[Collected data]
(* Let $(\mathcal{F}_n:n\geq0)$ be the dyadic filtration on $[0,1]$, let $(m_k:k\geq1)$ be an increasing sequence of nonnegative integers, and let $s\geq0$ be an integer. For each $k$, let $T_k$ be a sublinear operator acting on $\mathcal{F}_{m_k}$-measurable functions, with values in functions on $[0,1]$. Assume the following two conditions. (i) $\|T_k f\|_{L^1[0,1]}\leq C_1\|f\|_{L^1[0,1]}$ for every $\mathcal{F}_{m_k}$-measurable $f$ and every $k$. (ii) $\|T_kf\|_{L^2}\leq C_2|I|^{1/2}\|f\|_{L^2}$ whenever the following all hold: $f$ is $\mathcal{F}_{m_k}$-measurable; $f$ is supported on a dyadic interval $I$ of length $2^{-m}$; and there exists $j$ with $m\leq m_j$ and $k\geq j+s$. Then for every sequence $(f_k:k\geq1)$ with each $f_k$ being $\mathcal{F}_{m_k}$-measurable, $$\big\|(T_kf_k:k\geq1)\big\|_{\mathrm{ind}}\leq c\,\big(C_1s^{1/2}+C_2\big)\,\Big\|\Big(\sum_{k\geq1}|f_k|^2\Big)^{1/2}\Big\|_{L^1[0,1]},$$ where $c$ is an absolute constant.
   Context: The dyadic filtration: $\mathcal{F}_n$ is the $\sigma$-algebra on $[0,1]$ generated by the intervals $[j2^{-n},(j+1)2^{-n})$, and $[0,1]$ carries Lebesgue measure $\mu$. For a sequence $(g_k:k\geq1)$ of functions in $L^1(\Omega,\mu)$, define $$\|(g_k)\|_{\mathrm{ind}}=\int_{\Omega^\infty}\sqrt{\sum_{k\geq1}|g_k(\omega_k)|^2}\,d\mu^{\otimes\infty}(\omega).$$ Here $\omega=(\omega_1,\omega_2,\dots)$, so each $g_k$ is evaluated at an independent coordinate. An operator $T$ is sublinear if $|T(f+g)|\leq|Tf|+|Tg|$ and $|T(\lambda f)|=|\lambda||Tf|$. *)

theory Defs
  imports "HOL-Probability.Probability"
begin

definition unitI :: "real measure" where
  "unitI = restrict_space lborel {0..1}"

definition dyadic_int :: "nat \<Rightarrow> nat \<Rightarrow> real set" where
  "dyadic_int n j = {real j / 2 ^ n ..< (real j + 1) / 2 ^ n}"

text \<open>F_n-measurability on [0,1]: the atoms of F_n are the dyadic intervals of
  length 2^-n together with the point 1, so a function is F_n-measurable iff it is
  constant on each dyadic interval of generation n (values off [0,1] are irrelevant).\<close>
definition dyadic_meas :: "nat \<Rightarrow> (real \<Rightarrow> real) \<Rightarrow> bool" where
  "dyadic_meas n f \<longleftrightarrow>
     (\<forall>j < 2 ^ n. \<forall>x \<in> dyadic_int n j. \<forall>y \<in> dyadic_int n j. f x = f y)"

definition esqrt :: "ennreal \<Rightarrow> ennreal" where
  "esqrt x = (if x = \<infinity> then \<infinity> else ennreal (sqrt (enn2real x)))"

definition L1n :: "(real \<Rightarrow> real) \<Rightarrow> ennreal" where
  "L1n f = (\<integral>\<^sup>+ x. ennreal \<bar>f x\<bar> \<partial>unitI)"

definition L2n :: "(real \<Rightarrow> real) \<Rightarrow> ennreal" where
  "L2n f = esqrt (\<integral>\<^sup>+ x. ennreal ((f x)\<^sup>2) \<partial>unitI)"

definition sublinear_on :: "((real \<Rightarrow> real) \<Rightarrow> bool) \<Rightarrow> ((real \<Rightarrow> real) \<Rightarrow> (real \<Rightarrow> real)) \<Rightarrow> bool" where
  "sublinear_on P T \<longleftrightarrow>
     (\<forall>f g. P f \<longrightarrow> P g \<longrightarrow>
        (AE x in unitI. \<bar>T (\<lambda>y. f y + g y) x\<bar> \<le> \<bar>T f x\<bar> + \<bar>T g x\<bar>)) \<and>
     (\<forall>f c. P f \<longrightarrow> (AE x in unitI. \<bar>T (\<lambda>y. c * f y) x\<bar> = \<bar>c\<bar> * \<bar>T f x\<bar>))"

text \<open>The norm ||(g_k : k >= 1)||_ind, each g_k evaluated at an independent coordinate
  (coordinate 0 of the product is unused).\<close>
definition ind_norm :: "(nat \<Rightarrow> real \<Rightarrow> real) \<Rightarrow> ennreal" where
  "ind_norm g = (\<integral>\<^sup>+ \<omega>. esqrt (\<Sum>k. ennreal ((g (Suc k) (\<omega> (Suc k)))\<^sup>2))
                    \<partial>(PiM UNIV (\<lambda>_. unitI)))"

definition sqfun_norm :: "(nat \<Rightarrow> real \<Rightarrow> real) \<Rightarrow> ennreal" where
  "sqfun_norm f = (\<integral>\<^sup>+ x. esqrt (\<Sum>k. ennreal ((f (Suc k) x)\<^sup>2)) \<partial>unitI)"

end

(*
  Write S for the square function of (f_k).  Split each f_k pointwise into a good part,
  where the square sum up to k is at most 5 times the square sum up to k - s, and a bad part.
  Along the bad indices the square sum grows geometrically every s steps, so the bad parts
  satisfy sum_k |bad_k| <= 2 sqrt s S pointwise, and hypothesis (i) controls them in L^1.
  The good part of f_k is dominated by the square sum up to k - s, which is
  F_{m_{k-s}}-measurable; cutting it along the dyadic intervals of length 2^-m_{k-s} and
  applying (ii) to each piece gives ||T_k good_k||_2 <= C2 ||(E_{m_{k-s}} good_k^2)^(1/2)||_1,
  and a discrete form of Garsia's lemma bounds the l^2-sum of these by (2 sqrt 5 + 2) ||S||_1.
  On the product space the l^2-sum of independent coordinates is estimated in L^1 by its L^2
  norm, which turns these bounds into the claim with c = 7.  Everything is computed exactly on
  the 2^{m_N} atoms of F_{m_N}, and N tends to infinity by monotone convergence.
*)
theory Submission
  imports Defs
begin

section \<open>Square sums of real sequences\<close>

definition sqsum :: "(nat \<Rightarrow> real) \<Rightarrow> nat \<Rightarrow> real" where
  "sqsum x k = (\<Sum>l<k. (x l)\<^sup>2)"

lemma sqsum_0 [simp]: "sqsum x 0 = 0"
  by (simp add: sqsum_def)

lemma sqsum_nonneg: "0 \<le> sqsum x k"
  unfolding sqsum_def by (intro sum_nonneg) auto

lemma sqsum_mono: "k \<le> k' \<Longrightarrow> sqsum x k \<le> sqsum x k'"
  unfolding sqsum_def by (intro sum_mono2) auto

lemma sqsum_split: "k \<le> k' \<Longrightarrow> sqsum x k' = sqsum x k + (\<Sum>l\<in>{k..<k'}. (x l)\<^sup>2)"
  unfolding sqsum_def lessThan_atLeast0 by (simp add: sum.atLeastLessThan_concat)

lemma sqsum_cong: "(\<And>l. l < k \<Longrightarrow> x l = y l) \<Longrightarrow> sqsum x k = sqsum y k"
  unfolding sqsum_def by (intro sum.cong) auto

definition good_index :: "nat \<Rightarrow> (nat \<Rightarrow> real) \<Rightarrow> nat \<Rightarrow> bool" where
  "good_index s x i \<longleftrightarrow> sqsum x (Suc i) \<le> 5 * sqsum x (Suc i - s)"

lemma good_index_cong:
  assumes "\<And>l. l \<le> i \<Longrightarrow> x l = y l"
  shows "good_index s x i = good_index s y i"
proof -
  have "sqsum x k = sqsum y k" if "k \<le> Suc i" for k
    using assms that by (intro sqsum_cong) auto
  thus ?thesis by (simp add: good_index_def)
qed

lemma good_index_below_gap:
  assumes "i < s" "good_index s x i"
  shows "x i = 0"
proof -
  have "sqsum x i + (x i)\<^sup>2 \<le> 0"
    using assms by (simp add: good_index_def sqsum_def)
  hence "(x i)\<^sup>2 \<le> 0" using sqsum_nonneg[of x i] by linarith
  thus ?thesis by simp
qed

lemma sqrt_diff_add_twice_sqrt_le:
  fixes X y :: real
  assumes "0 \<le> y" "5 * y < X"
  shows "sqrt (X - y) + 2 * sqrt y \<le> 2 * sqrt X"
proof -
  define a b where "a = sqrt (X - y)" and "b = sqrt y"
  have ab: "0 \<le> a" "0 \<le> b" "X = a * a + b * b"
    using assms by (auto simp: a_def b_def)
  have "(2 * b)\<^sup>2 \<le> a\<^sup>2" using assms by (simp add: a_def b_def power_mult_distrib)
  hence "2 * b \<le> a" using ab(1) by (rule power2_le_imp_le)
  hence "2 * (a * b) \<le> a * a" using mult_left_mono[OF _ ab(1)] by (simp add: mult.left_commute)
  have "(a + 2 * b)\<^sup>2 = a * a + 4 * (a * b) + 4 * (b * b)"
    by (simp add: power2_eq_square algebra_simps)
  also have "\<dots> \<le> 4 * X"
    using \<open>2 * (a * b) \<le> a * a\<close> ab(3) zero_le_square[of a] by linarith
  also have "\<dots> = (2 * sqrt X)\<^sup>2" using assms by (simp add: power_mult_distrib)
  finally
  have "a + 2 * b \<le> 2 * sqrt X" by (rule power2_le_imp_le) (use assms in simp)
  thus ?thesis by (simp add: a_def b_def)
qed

--

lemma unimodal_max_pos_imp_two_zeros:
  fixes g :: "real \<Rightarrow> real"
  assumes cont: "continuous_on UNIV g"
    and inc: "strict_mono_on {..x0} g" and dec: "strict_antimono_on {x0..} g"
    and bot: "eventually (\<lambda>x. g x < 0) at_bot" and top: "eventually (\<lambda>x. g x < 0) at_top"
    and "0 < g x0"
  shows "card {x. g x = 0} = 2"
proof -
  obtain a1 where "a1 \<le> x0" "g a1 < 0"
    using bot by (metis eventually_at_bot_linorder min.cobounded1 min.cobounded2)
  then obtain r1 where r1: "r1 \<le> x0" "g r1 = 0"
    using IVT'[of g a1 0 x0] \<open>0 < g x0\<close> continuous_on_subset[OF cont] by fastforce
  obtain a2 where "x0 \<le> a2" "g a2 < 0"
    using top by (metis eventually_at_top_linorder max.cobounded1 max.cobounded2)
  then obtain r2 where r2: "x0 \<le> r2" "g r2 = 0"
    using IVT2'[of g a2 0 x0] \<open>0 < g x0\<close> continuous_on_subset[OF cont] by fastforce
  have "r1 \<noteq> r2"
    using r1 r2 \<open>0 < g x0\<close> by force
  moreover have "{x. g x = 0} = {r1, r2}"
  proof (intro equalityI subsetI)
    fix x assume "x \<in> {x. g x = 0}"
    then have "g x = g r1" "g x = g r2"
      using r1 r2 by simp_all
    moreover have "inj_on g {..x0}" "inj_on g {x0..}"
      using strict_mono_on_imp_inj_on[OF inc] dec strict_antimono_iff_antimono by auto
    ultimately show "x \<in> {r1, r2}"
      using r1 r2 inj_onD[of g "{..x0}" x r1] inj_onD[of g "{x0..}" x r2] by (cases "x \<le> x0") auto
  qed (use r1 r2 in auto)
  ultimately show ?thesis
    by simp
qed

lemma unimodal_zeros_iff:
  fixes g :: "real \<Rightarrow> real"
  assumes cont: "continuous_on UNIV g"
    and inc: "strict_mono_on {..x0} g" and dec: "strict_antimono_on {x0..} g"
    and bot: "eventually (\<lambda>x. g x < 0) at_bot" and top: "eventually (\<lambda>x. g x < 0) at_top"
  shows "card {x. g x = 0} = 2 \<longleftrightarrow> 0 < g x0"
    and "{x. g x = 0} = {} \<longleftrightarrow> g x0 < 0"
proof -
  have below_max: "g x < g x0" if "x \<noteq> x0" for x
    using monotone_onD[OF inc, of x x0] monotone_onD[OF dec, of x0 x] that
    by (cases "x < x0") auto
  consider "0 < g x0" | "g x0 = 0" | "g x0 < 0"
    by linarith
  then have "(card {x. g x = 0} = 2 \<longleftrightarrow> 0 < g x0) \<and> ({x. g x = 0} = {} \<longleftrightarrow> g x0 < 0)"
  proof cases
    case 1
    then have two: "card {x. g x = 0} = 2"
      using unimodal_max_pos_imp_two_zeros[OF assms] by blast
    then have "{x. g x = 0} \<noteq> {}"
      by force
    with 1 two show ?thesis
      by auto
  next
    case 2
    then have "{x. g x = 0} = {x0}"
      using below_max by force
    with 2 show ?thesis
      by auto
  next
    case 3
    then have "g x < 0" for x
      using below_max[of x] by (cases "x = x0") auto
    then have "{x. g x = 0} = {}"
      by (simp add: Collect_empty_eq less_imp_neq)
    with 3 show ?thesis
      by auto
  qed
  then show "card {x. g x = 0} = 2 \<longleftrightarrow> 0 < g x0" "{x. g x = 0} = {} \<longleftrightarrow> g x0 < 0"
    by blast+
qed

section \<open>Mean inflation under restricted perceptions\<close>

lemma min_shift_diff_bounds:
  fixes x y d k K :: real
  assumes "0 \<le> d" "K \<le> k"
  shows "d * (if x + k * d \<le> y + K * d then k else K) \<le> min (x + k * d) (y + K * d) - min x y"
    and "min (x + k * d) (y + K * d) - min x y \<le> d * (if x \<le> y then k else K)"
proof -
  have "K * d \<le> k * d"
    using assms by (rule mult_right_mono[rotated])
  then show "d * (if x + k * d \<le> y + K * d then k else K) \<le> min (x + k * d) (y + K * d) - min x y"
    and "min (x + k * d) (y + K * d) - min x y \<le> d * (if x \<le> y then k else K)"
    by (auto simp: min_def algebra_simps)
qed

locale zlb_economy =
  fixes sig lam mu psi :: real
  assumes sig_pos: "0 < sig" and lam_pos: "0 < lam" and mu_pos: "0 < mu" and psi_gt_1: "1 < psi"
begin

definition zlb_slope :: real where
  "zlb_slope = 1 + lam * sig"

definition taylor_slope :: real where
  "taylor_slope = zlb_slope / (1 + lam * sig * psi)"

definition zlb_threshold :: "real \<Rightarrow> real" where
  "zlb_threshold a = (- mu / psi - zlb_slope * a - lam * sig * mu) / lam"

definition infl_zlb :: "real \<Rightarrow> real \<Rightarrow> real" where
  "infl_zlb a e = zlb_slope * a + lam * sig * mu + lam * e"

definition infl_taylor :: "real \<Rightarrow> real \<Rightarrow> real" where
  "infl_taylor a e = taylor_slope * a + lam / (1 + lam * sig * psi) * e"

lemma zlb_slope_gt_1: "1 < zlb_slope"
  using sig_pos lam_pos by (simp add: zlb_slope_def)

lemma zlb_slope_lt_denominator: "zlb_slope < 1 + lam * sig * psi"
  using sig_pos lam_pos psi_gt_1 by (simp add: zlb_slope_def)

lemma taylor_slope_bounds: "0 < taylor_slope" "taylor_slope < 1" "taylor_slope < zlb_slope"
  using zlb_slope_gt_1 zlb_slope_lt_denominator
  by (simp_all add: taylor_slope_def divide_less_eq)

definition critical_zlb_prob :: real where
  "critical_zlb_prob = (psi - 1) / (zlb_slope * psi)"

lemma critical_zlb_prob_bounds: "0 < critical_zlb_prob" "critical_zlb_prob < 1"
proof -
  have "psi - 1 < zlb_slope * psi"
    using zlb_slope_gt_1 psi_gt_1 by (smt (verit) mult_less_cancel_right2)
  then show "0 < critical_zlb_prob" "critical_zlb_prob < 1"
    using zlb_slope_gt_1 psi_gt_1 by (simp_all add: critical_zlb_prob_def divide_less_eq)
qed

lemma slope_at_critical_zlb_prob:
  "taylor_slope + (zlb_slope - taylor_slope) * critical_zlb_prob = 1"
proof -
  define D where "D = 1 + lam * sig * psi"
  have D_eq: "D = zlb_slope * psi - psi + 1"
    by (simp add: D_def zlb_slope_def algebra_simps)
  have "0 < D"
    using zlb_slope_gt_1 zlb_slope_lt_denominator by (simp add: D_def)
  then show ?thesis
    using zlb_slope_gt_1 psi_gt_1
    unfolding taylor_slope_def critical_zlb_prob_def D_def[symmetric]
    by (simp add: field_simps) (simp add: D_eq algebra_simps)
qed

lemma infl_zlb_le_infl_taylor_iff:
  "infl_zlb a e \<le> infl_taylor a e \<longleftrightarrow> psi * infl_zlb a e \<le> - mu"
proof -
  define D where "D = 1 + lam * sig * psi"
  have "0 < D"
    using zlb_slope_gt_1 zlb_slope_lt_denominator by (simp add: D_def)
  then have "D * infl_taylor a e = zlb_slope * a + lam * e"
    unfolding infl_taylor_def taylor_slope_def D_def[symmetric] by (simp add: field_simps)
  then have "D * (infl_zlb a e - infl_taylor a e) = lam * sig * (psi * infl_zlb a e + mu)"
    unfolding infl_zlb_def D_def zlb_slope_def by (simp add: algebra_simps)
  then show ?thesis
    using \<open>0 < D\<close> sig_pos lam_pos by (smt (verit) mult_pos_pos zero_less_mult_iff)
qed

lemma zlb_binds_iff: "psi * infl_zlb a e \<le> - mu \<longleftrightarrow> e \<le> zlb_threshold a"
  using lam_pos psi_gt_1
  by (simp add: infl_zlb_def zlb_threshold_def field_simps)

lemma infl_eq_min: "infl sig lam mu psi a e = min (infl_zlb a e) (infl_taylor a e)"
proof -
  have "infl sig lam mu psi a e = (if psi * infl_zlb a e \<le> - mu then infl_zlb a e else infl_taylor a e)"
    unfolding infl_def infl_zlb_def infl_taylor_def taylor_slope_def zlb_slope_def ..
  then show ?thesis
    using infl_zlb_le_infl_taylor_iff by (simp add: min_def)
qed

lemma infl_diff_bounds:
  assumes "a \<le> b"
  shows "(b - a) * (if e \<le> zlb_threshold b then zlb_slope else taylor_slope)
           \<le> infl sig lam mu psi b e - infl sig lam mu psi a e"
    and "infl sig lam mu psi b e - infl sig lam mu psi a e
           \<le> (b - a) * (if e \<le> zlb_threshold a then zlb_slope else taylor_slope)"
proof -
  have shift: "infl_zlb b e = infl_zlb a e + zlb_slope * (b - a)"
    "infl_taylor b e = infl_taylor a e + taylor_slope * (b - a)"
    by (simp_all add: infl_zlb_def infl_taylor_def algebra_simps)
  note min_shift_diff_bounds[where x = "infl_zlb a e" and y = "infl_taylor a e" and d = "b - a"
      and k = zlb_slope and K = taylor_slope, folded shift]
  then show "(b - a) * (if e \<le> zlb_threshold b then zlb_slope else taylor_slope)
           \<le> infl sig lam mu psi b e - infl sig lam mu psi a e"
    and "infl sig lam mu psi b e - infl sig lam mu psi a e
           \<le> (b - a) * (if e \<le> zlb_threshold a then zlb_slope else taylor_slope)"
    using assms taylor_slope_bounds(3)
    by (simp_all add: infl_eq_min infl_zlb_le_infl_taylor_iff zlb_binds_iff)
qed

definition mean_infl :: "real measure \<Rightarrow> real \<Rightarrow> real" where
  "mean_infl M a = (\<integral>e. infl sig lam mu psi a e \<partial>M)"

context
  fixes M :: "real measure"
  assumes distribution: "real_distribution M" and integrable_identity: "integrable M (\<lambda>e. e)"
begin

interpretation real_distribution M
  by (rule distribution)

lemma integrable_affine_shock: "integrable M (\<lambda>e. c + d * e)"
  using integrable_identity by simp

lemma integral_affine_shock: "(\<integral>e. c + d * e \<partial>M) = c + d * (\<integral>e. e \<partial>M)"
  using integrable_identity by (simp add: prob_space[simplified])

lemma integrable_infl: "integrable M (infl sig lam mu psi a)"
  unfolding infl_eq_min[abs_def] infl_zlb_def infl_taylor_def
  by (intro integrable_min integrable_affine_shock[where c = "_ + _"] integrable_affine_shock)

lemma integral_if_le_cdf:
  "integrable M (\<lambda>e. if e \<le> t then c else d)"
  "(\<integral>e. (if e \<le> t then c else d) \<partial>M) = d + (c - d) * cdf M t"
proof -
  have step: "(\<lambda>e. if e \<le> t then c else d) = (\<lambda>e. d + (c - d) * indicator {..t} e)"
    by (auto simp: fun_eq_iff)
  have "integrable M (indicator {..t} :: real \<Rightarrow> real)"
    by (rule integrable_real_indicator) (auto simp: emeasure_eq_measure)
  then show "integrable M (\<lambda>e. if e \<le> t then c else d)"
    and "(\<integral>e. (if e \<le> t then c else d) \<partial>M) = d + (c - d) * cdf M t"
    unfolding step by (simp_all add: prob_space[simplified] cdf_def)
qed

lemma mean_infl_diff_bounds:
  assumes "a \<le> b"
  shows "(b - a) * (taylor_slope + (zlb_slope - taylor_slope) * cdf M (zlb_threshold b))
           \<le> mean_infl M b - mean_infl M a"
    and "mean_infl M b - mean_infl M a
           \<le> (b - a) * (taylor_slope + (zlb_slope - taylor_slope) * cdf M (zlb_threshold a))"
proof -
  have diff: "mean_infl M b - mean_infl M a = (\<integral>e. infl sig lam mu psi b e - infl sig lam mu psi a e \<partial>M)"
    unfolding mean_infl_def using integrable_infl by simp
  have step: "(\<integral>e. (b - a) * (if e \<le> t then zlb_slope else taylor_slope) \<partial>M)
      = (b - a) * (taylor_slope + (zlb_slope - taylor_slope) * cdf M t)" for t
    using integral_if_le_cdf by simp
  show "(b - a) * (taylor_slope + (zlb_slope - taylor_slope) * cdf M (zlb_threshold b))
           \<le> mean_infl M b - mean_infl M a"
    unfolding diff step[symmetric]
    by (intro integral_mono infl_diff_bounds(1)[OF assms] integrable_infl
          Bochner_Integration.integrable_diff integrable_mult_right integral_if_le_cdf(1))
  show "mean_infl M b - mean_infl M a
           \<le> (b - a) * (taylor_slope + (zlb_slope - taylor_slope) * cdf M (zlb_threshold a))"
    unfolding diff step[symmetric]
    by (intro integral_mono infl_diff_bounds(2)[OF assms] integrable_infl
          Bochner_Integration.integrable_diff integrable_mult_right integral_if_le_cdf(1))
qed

---

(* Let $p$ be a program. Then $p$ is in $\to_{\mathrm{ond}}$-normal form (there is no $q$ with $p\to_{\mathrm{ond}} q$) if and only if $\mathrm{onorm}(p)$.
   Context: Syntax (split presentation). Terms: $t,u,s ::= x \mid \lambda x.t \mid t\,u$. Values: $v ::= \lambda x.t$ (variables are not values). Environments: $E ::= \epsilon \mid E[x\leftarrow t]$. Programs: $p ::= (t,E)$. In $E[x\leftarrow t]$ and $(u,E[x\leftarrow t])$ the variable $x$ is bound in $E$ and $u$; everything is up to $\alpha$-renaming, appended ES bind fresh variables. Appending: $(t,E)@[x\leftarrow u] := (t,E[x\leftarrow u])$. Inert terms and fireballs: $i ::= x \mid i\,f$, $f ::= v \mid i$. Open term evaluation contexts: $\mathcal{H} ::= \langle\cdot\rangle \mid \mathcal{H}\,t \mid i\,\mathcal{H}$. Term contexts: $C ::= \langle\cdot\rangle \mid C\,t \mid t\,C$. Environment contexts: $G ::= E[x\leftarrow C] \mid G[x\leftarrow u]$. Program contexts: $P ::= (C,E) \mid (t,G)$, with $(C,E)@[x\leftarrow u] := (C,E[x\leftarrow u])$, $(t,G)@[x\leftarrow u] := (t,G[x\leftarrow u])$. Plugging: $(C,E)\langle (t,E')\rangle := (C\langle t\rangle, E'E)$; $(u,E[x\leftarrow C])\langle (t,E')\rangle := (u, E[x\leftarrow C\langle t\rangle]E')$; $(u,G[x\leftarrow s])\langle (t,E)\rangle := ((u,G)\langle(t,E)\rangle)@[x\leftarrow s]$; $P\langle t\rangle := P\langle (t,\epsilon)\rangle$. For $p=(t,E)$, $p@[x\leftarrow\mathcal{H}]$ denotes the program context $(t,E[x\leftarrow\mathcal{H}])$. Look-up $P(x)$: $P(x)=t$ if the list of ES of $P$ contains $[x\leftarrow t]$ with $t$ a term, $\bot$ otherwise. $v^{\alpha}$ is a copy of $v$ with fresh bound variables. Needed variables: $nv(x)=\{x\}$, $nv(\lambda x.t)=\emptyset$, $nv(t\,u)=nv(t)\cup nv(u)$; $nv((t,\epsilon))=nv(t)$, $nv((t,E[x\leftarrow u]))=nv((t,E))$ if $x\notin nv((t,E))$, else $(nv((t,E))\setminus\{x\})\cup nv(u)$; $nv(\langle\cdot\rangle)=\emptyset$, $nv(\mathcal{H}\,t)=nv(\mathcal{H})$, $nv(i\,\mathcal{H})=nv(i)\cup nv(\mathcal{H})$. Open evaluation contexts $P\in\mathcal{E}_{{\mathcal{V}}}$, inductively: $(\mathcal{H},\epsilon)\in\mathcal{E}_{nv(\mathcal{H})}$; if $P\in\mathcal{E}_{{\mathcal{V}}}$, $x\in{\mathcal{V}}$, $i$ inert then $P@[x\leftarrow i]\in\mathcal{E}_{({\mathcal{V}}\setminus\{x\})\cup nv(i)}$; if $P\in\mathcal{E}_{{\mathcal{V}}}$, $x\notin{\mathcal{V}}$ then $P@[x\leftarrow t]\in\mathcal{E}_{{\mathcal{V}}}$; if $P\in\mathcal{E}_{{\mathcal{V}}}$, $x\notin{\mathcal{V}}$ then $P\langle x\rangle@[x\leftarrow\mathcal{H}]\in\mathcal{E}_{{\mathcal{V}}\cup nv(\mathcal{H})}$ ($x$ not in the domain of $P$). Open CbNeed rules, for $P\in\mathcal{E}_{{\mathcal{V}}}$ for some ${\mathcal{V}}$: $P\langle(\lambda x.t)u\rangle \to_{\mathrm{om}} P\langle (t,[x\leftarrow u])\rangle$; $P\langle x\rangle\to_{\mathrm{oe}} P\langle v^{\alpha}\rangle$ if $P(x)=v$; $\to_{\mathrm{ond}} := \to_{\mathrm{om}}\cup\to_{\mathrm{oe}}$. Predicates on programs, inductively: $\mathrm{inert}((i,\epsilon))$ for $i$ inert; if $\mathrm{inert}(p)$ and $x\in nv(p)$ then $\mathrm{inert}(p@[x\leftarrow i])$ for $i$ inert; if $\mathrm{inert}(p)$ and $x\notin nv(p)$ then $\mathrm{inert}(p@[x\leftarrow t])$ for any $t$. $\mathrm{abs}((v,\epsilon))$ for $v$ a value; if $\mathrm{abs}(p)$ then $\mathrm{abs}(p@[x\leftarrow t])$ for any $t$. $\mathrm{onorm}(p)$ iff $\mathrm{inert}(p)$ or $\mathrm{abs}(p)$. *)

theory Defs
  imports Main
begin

## Instructions to follow:
Could you return all lines from the records that include the word "fixes"?

## Result:
  fixes X y :: real
  fixes g :: "real \<Rightarrow> real"
  fixes g :: "real \<Rightarrow> real"
  fixes x y d k K :: real
  fixes sig lam mu psi :: real
  fixes M :: "real measure"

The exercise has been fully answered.